When newspapers are involved, that tort has to be balanced against First Amendment rights. The issue here is to what extent people have a right to live their lives uninterrupted by media scrutiny. Note that publication of information otherwise obtainable by the public, such as court records, is protected,[21] and can be done by anyone.

For invasion of privacy claims based on false light brought by public figures the “actual malice” standard set forth in New York Times v. Sullivan must be satisfied.[22]  For example, the standard was applied to an intentional infliction of emotional distress case brought against Hustler Magazine by Rev.

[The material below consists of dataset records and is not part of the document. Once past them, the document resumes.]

lemma finite_atom_support: "finite (atom_support lam a N)"
proof -
  have "atom_support lam a N \<subseteq> a ` {..<N}"
    unfolding atom_support_def by blast
  then show ?thesis
    by (rule finite_subset) simp
qed

lemma atom_weight_nonneg: "(\<And>n. n < N \<Longrightarrow> 0 \<le> lam n) \<Longrightarrow> 0 \<le> atom_weight lam a N b"
  unfolding atom_weight_def by (intro sum_nonneg) auto

lemma atom_weight_ge:
  assumes "\<And>n. n < N \<Longrightarrow> 0 \<le> lam n" and "j < N"
  shows "lam j \<le> atom_weight lam a N (a j)"
proof -
  have "lam j = (if a j = a j then lam j else 0)"
    by simp
  also have "\<dots> \<le> atom_weight lam a N (a j)"
    unfolding atom_weight_def using assms by (intro member_le_sum) auto
  finally show ?thesis .
qed

lemma atom_weight_pos:
  assumes "\<And>n. n < N \<Longrightarrow> 0 \<le> lam n" and "b \<in> atom_support lam a N"
  shows "0 < atom_weight lam a N b"
proof -
  obtain j where j: "j < N" "0 < lam j" "a j = b"
    using assms(2) unfolding atom_support_def by auto
  have "lam j \<le> atom_weight lam a N (a j)"
    by (rule atom_weight_ge[OF assms(1) j(1)])
  then show ?thesis
    using j(2,3) by simp
qed

lemma atom_weight_eq_0:
  assumes "\<And>n. n < N \<Longrightarrow> 0 \<le> lam n" and "b \<notin> atom_support lam a N"
  shows "atom_weight lam a N b = 0"
proof -
  have "(if a j = b then lam j else 0) = 0" if "j < N" for j
    using assms that by (cases "a j = b") (auto simp: atom_support_def order_le_less)
  then show ?thesis
    unfolding atom_weight_def by (intro sum.neutral) simp
qed

lemma sum_by_atom_support:
  assumes "\<And>n. n < N \<Longrightarrow> 0 \<le> lam n"
  shows "(\<Sum>j<N. lam j * f (a j)) = (\<Sum>b\<in>atom_support lam a N. atom_weight lam a N b * f b)"
proof -
  have "(\<Sum>b\<in>atom_support lam a N. atom_weight lam a N b * f b)
      = (\<Sum>j<N. \<Sum>b\<in>atom_support lam a N. if a j = b then lam j * f b else 0)"
    unfolding atom_weight_def by (subst sum.swap) (auto simp: sum_distrib_right intro!: sum.cong)
  also have "\<dots> = (\<Sum>j<N. if a j \<in> atom_support lam a N then lam j * f (a j) else 0)"
    by (simp add: sum.delta finite_atom_support)
  also have "\<dots> = (\<Sum>j<N. lam j * f (a j))"
    using assms by (intro sum.cong refl) (auto simp: atom_support_def order_le_less)
  finally show ?thesis ..
qed

lemma atom_weight_prob_simplex:
  "lam \<in> prob_simplex {..<N} \<Longrightarrow> atom_weight lam a N \<in> prob_simplex (atom_support lam a N)"
  using sum_by_atom_support[of N lam "\<lambda>_. 1" a]
  by (simp add: prob_simplex_def atom_weight_nonneg)

lemma atom_share_nonneg:
  assumes "\<And>n. n < N \<Longrightarrow> 0 \<le> lam n" and "j < N"
  shows "0 \<le> atom_share lam a N j"
  unfolding atom_share_def using assms by (simp add: atom_weight_nonneg)

lemma atom_share_mult_atom_weight:
  assumes "\<And>n. n < N \<Longrightarrow> 0 \<le> lam n" and "j < N"
  shows "atom_share lam a N j * atom_weight lam a N (a j) = lam j"
  using atom_weight_ge[of N lam j a] assms(1)[OF assms(2)] assms unfolding atom_share_def
  by (cases "atom_weight lam a N (a j) = 0") auto

lemma sum_atom_share_redistribute:
  assumes "\<And>n. n < M \<Longrightarrow> f n \<noteq> 0 \<Longrightarrow> atom_weight lam a N (b n) \<noteq> 0"
  shows "(\<Sum>j<N. atom_share lam a N j * (\<Sum>n<M. if b n = a j then f n else 0)) = (\<Sum>n<M. f n)"
proof -
  have "(\<Sum>j<N. atom_share lam a N j * (\<Sum>n<M. if b n = a j then f n else 0))
      = (\<Sum>n<M. \<Sum>j<N. (if a j = b n then lam j else 0) * (f n / atom_weight lam a N (b n)))"
    unfolding atom_share_def by (subst sum.swap) (auto simp: sum_distrib_left intro!: sum.cong)
  also have "\<dots> = (\<Sum>n<M. atom_weight lam a N (b n) * (f n / atom_weight lam a N (b n)))"
    unfolding atom_weight_def by (simp only: sum_distrib_right)
  also have "\<dots> = (\<Sum>n<M. f n)"
    using assms by (intro sum.cong refl) fastforce
  finally show ?thesis .
qed

lemma mix_eq_mix_atom_support:
  fixes a :: "nat \<Rightarrow> 'b::topological_space measure"
  assumes nonneg: "\<And>j. j < J \<Longrightarrow> 0 \<le> lam j"
    and a: "\<And>j. j < J \<Longrightarrow> prob_space (a j) \<and> sets (a j) = sets borel"
  shows "mix {..<J} lam a = mix (atom_support lam a J) (atom_weight lam a J) (\<lambda>b. b)"
proof (rule mix_eqI)
  fix A :: "'b set" assume A: "A \<in> sets borel"
  have support: "b \<in> atom_support lam a J \<Longrightarrow> prob_space b \<and> sets b = sets borel" for b
    using a by (auto simp: atom_support_def)
  have "emeasure (mix {..<J} lam a) A = ennreal (\<Sum>j<J. lam j * measure (a j) A)"
    using a nonneg A by (intro emeasure_mix_eq_sum_measure) auto
  also have "\<dots> = ennreal (\<Sum>b\<in>atom_support lam a J. atom_weight lam a J b * measure b A)"
    using sum_by_atom_support[OF nonneg, where f = "\<lambda>b. measure b A" and a = a] by simp
  also have "\<dots> = emeasure (mix (atom_support lam a J) (atom_weight lam a J) (\<lambda>b. b)) A"
    using support nonneg A finite_atom_support
    by (intro emeasure_mix_eq_sum_measure[symmetric]) (auto simp: atom_weight_nonneg)
  finally show "emeasure (mix {..<J} lam a) A
      = emeasure (mix (atom_support lam a J) (atom_weight lam a J) (\<lambda>b. b)) A" .
qed

lemma distinct_atom_representation:
  fixes a :: "nat \<Rightarrow> 'b::topological_space measure"
  assumes lam: "lam \<in> prob_simplex {..<J}"
    and a: "\<And>j. j < J \<Longrightarrow> prob_space (a j) \<and> sets (a j) = sets borel"
  obtains n :: nat and e where "0 < n" and "bij_betw e {..<n} (atom_support lam a J)"
    and "(\<lambda>i. atom_weight lam a J (e i)) \<in> prob_simplex {..<n}"
    and "\<And>i. i < n \<Longrightarrow> 0 < atom_weight lam a J (e i)"
    and "mix {..<J} lam a = mix {..<n} (\<lambda>i. atom_weight lam a J (e i)) e"
proof -
  let ?S = "atom_support lam a J"
  have nonneg: "\<And>j. j < J \<Longrightarrow> 0 \<le> lam j"
    using lam by (simp add: prob_simplex_def)
  obtain e where e: "bij_betw e {..<card ?S} ?S"
    using ex_bij_betw_nat_finite[OF finite_atom_support[of lam a J]] by (auto simp: atLeast0LessThan)
  have "(\<Sum>i<card ?S. atom_weight lam a J (e i)) = (\<Sum>b\<in>?S. atom_weight lam a J b)"
    by (rule sum.reindex_bij_betw[OF e])
  then have weights: "(\<lambda>i. atom_weight lam a J (e i)) \<in> prob_simplex {..<card ?S}"
    using atom_weight_prob_simplex[OF lam, of a] bij_betwE[OF e] by (simp add: prob_simplex_def)
  have "0 < card ?S"
    using prob_simplex_nonempty[OF weights] by (simp add: lessThan_empty_iff)
  moreover have "0 < atom_weight lam a J (e i)" if "i < card ?S" for i
    using bij_betwE[OF e] that by (intro atom_weight_pos nonneg) auto
  moreover have "mix {..<J} lam a = mix {..<card ?S} (\<lambda>i. atom_weight lam a J (e i)) e"
    using mix_eq_mix_atom_support[where lam = lam and a = a, OF nonneg a]
      mix_reindex[OF e, of "atom_weight lam a J" "\<lambda>b. b"] by (simp add: comp_def)
  ultimately show ?thesis
    using e weights that by blast
qed

lemma identifiable_weights_eq:
  fixes e e' :: "nat \<Rightarrow> 'b::topological_space measure"
  assumes ident: "identifiable \<A>" and "S \<subseteq> \<A>" and "S' \<subseteq> \<A>"
    and n: "0 < n" and e: "bij_betw e {..<n} S"
    and W: "(\<lambda>i. W (e i)) \<in> prob_simplex {..<n}" "\<And>i. i < n \<Longrightarrow> 0 < W (e i)"
    and n': "0 < n'" and e': "bij_betw e' {..<n'} S'"
    and W': "(\<lambda>i. W' (e' i)) \<in> prob_simplex {..<n'}" "\<And>i. i < n' \<Longrightarrow> 0 < W' (e' i)"
    and eq: "mix {..<n} (\<lambda>i. W (e i)) e = mix {..<n'} (\<lambda>i. W' (e' i)) e'"
  shows "S' = S" and "\<And>b. b \<in> S' \<Longrightarrow> W b = W' b"
proof -
  have "\<forall>i<n. e i \<in> \<A>" "\<forall>i<n'. e' i \<in> \<A>"
    using bij_betwE[OF e] bij_betwE[OF e'] assms(2,3) by auto
  then have "n = n' \<and> (\<exists>\<sigma>. \<sigma> permutes {..<n'} \<and> (\<forall>k<n'. W (e (\<sigma> k)) = W' (e' k) \<and> e (\<sigma> k) = e' k))"
    using n n' e e' W W' eq
    by (intro ident[unfolded identifiable_def, rule_format, of n n' "\<lambda>i. W (e i)" e "\<lambda>i. W' (e' i)" e',
          simplified]) (auto simp: bij_betw_def)
  then obtain \<sigma> where nn': "n' = n" and \<sigma>: "\<sigma> permutes {..<n}"
    and matched: "\<And>k. k < n \<Longrightarrow> W (e (\<sigma> k)) = W' (e' k) \<and> e (\<sigma> k) = e' k"
    by auto
  have "S' = e ` \<sigma> ` {..<n}"
    using matched e' nn' by (auto simp: bij_betw_def image_image intro!: image_cong)
  then show "S' = S"
    using e by (simp add: permutes_image[OF \<sigma>] bij_betw_def)
  show "W b = W' b" if b: "b \<in> S'" for b
  proof -
    obtain k where "k < n" "b = e' k"
      using e' nn' b by (auto simp: bij_betw_def)
    then show ?thesis
      using matched[of k] by metis
  qed
qed

lemma identifiable_atom_weight_eq:
  fixes a a' :: "nat \<Rightarrow> 'b::topological_space measure"
  assumes ident: "identifiable \<A>"
    and \<A>: "\<And>x. x \<in> \<A> \<Longrightarrow> prob_space x \<and> sets x = sets borel"
    and lam: "lam \<in> prob_simplex {..<J}" and a: "\<And>j. j < J \<Longrightarrow> a j \<in> \<A>"
    and lam': "lam' \<in> prob_simplex {..<K}" and a': "\<And>k. k < K \<Longrightarrow> a' k \<in> \<A>"
    and eq: "mix {..<J} lam a = mix {..<K} lam' a'"
  shows "atom_weight lam a J = atom_weight lam' a' K"
proof
  fix b
  let ?S = "atom_support lam a J" and ?S' = "atom_support lam' a' K"
  have a_prob: "\<And>j. j < J \<Longrightarrow> prob_space (a j) \<and> sets (a j) = sets borel"
    and a'_prob: "\<And>k. k < K \<Longrightarrow> prob_space (a' k) \<and> sets (a' k) = sets borel"
    using \<A> a a' by auto
  obtain n :: nat and e where n: "0 < n" and e: "bij_betw e {..<n} ?S"
    and w: "(\<lambda>i. atom_weight lam a J (e i)) \<in> prob_simplex {..<n}" "\<And>i. i < n \<Longrightarrow> 0 < atom_weight lam a J (e i)"
    and mix_e: "mix {..<J} lam a = mix {..<n} (\<lambda>i. atom_weight lam a J (e i)) e"
    by (rule distinct_atom_representation[where a = a, OF lam a_prob]) (simp, rule that)
  obtain n' :: nat and e' where n': "0 < n'" and e': "bij_betw e' {..<n'} ?S'"
    and w': "(\<lambda>i. atom_weight lam' a' K (e' i)) \<in> prob_simplex {..<n'}" "\<And>i. i < n' \<Longrightarrow> 0 < atom_weight lam' a' K (e' i)"
    and mix_e': "mix {..<K} lam' a' = mix {..<n'} (\<lambda>i. atom_weight lam' a' K (e' i)) e'"
    by (rule distinct_atom_representation[where a = a', OF lam' a'_prob]) (simp, rule that)
  have supports: "?S \<subseteq> \<A>" "?S' \<subseteq> \<A>"
    using a a' by (auto simp: atom_support_def)
  have "mix {..<n} (\<lambda>i. atom_weight lam a J (e i)) e = mix {..<n'} (\<lambda>i. atom_weight lam' a' K (e' i)) e'"
    using mix_e mix_e' eq by simp
  note same = identifiable_weights_eq[OF ident supports n e w n' e' w' this]
  then show "atom_weight lam a J b = atom_weight lam' a' K b"
    using lam lam' by (cases "b \<in> ?S'") (simp_all add: atom_weight_eq_0 prob_simplex_def)
qed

Jerry Falwell.[23] There, the Court found that Falwell was a public figure, and that actual malice was not proved against the magazine when it published a satirical ad.

Another noteworthy case arising from the publication of private facts was Hulk Hogan’s case against Gawker Media[24] that destroyed the defendant company. Hogan won by proving that the videos (a sex tape) in question were true, but that they were not newsworthy and that they were offensive. Courts have held in various cases that writing about such tapes was not an invasion of privacy, but that actually showing them was.

The Supreme Court has also ruled that “ride-alongs” where the press accompany police officers on arrests violate privacy rights,[25] but there are still a number of television shows that use the technique.

As we all know, technology is getting more and more intrusive by the day. Future courts will be wrestling with Internet-based image appropriation, drone journalism, “war driving,” hacking and all the rest. Privacy laws will be at the forefront of this invasion of our lives by technology.

 

[1] Letter from Thomas Jefferson to James Currie, Jan. 28, 1786.

[2] https://www.aclu.org/issues/free-speech/freedom-press.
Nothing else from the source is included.